TASK: Every line below that contains the word "Defs" must be copied.

(DATA SECTION Opens)

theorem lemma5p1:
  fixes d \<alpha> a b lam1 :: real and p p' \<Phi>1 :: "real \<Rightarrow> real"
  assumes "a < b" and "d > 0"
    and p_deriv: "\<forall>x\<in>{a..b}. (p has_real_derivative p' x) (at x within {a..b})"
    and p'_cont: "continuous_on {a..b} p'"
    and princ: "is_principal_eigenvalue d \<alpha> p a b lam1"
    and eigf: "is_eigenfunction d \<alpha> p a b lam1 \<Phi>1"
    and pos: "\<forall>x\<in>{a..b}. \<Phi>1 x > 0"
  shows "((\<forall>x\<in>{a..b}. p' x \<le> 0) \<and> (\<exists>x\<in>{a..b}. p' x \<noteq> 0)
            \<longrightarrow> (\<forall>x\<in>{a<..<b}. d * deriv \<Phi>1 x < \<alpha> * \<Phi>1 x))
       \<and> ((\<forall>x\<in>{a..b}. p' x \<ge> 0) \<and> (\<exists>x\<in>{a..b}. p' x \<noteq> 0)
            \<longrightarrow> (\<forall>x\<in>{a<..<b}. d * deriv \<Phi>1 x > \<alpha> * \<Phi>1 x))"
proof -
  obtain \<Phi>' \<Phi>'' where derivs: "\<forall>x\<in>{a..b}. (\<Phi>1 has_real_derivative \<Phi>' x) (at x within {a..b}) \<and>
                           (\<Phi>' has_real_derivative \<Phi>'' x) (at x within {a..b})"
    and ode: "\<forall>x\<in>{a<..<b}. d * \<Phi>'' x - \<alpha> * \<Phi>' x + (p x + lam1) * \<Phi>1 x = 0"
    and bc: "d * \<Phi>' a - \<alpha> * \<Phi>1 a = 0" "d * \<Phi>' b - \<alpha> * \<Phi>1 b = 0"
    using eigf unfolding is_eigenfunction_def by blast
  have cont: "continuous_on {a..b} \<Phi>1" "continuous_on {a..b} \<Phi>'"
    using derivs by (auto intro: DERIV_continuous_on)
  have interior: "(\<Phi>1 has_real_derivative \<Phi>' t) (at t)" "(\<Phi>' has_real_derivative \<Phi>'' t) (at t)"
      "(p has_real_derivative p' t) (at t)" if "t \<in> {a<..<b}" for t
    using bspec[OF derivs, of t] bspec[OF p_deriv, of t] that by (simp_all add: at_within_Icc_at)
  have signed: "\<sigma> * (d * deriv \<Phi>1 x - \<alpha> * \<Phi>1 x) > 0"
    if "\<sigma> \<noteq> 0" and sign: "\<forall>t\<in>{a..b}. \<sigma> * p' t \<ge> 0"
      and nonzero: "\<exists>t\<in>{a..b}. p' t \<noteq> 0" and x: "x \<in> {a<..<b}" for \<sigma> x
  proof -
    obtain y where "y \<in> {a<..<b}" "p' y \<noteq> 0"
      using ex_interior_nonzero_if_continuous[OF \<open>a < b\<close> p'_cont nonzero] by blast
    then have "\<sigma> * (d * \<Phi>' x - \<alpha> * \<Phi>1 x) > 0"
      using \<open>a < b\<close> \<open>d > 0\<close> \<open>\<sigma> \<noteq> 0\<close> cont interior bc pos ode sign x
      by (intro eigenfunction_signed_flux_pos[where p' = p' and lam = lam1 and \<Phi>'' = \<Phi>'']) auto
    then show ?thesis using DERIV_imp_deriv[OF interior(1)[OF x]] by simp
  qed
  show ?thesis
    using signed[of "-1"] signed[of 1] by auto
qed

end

(DATA SECTION Closes)
(DATA SECTION Opens)

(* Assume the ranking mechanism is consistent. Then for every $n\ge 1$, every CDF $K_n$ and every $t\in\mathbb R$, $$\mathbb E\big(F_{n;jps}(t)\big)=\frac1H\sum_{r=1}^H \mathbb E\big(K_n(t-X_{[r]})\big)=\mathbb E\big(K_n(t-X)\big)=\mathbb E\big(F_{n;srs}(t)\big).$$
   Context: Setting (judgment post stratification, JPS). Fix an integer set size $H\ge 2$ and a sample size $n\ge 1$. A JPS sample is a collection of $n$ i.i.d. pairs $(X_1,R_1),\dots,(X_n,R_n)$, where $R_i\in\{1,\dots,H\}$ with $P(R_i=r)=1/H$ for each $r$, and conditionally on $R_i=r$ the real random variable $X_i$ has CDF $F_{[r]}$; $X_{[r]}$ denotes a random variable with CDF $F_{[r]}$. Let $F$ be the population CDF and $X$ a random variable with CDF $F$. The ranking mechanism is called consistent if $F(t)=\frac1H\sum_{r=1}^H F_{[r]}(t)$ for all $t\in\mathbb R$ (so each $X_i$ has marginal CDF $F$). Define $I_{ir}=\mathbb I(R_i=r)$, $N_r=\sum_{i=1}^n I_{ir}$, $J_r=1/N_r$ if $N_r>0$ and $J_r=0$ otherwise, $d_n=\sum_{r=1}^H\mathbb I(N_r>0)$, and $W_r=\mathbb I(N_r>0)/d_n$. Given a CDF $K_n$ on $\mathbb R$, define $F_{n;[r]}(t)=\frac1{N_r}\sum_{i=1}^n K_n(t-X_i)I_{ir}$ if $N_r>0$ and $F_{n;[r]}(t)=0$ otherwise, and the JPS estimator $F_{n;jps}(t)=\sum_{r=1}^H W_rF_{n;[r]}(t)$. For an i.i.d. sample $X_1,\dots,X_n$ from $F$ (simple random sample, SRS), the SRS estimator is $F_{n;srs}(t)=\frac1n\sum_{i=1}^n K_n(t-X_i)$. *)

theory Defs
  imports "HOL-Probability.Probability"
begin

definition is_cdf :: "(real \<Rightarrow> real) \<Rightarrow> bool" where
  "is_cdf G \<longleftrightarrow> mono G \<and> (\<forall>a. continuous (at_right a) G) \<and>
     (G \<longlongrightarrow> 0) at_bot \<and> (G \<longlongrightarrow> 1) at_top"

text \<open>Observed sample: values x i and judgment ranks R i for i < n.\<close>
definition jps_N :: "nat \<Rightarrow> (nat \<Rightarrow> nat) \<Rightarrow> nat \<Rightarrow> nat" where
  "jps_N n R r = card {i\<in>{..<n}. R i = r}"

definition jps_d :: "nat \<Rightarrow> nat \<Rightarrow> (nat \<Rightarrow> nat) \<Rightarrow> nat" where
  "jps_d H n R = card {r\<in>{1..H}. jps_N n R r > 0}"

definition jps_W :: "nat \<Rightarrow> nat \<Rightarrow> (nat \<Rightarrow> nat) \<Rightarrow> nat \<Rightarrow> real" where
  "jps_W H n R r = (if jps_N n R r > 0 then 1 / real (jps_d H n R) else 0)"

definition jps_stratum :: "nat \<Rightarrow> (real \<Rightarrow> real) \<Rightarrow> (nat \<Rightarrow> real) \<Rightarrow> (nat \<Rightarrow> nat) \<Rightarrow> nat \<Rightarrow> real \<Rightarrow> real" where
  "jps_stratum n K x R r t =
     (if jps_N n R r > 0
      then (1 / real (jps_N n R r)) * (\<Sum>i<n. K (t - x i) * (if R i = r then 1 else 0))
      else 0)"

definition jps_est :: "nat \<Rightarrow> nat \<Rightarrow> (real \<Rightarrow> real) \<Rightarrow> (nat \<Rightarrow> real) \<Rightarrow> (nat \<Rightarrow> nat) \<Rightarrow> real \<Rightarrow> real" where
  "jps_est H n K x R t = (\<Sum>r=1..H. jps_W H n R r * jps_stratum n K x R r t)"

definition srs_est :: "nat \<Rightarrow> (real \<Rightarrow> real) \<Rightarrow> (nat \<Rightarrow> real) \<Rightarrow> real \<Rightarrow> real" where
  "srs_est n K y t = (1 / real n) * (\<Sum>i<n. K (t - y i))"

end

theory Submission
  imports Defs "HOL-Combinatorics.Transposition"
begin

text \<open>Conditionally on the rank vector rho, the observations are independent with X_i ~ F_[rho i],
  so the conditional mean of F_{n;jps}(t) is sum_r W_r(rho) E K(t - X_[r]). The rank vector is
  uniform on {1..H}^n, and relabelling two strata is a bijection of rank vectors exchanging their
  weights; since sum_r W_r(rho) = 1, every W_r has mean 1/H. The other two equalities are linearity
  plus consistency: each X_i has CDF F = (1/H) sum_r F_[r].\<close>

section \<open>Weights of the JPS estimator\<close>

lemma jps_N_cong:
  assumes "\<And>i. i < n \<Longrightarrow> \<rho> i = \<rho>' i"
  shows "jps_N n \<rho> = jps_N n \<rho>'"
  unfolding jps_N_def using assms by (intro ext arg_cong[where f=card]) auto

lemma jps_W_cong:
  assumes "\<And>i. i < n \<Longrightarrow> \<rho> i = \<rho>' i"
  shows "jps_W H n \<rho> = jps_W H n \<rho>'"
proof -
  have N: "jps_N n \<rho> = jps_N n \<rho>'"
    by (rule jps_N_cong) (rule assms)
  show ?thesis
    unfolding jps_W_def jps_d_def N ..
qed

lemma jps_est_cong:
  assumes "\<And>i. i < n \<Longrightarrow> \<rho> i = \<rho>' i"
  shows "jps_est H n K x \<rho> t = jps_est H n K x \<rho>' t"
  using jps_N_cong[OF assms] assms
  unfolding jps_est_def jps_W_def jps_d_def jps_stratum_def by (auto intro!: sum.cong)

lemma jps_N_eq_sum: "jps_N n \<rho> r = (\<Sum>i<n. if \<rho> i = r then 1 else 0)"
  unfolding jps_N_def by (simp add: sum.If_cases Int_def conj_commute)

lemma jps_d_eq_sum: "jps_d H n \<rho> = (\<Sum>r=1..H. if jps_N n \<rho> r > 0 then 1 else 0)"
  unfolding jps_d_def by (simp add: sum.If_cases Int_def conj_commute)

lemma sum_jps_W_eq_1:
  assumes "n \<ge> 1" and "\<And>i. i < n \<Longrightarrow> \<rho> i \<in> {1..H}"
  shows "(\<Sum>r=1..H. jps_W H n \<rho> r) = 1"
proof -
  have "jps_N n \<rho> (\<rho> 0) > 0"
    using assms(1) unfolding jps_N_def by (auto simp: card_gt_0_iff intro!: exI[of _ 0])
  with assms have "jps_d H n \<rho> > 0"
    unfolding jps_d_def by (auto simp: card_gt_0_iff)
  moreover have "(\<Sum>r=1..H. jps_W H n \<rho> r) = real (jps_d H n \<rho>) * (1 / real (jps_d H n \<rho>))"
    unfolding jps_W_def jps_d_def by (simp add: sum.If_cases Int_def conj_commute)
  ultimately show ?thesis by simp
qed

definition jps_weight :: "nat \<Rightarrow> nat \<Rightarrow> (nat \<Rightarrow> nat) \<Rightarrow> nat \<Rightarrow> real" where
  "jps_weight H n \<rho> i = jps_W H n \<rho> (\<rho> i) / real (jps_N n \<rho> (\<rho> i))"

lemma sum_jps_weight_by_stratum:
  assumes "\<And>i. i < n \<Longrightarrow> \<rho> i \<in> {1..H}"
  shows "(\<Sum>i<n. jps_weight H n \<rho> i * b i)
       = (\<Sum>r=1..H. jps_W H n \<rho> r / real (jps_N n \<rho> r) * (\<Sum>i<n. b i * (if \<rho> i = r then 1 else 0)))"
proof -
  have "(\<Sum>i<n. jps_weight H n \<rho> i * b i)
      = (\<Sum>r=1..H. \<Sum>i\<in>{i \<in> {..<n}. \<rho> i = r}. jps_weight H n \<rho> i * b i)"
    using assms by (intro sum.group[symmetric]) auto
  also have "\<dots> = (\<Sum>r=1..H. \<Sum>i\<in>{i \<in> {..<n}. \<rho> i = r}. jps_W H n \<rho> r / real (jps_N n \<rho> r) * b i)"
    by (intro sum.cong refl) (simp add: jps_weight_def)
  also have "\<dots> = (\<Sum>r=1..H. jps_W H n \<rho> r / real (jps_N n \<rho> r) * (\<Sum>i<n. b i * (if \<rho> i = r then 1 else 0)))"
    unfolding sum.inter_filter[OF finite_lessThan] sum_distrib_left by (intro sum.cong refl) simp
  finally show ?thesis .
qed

(DATA SECTION Closes)
(DATA SECTION Opens)

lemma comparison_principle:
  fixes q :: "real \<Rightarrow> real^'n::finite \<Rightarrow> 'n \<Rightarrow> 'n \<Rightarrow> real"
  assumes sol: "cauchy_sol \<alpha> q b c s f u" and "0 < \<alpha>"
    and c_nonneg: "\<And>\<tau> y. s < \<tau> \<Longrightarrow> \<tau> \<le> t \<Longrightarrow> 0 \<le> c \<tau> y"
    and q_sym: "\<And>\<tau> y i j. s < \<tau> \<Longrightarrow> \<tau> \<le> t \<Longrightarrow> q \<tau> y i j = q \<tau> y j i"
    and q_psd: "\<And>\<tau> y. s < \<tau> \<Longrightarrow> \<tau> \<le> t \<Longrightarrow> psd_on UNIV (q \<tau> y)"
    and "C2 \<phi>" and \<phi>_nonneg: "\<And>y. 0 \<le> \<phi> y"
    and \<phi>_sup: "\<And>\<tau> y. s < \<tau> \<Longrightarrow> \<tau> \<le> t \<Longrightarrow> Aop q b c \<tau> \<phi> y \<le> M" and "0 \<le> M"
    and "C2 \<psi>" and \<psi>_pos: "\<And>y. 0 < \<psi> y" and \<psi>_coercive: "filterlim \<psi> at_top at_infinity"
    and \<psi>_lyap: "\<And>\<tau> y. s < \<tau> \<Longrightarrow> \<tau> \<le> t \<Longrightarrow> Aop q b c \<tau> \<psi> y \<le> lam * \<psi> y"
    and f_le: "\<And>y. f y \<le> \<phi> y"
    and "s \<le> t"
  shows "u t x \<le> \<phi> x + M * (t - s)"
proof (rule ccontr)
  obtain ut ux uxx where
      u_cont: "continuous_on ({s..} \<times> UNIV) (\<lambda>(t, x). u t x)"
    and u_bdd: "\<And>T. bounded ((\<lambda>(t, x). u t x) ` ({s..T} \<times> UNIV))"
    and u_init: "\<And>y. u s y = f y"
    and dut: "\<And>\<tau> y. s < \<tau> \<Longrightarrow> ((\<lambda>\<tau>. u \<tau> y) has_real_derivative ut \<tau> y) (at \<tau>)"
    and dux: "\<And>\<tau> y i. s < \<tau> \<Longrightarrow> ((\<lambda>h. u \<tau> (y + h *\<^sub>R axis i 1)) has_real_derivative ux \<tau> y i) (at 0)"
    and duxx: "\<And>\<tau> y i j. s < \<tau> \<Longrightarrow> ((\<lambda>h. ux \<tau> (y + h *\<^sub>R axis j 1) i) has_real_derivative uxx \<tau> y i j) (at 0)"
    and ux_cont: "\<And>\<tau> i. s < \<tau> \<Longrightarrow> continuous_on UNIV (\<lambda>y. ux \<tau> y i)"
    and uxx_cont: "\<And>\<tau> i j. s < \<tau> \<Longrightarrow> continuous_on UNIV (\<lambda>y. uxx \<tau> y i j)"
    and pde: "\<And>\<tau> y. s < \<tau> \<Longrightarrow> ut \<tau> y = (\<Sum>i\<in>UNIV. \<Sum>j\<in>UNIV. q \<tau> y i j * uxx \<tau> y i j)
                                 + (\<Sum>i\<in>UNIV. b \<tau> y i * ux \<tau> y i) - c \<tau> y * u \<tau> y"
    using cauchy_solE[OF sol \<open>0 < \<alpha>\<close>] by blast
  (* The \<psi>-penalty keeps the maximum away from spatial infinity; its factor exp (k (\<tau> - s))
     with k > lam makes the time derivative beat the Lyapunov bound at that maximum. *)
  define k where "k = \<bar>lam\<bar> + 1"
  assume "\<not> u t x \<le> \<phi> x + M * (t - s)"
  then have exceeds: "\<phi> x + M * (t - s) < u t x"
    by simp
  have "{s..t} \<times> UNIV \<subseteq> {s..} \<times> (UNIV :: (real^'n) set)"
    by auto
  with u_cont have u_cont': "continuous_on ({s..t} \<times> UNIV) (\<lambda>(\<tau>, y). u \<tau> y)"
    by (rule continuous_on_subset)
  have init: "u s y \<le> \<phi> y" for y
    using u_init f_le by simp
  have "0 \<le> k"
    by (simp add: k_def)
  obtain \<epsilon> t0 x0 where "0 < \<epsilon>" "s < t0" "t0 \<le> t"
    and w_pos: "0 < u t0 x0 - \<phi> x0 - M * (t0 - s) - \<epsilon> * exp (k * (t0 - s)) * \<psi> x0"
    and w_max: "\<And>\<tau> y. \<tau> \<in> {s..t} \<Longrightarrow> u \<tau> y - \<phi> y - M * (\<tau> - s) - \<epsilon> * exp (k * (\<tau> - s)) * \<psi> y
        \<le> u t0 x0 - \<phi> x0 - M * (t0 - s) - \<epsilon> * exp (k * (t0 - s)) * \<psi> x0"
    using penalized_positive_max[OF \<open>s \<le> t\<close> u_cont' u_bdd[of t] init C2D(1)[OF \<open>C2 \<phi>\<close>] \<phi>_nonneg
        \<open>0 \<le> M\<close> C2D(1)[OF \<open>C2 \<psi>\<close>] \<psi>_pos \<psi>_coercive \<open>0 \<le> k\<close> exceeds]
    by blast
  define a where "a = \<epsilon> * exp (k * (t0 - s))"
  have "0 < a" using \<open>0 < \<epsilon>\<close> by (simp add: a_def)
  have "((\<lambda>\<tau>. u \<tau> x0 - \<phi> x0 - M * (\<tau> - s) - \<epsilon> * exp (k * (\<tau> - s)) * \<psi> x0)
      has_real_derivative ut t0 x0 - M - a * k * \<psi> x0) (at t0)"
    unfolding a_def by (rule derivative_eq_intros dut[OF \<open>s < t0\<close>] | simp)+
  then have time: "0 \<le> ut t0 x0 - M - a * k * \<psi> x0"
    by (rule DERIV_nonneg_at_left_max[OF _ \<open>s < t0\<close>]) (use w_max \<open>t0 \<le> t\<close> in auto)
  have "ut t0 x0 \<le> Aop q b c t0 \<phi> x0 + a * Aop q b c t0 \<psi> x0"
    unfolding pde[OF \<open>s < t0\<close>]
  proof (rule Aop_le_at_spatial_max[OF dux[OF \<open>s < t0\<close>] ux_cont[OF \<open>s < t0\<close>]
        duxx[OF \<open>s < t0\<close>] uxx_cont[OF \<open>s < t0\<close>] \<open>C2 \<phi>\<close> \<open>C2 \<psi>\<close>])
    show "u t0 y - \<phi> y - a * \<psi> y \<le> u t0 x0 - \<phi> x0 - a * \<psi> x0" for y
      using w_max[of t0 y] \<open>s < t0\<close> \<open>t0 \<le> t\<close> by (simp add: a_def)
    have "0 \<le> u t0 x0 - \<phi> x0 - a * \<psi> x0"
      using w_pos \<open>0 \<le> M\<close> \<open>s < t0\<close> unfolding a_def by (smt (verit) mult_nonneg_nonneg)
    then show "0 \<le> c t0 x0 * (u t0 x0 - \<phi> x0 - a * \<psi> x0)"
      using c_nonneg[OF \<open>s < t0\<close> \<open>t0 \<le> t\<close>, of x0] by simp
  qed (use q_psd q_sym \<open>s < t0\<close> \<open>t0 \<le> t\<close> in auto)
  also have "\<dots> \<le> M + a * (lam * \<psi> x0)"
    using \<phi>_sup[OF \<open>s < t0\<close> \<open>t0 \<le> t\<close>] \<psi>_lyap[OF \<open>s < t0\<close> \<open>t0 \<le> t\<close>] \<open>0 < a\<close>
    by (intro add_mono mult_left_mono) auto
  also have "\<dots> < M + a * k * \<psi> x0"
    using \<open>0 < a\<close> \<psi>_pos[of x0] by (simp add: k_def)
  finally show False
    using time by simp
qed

(DATA SECTION Closes)

ANSWER TO THIS TASK:
theory Defs
  imports Defs "HOL-Combinatorics.Transposition"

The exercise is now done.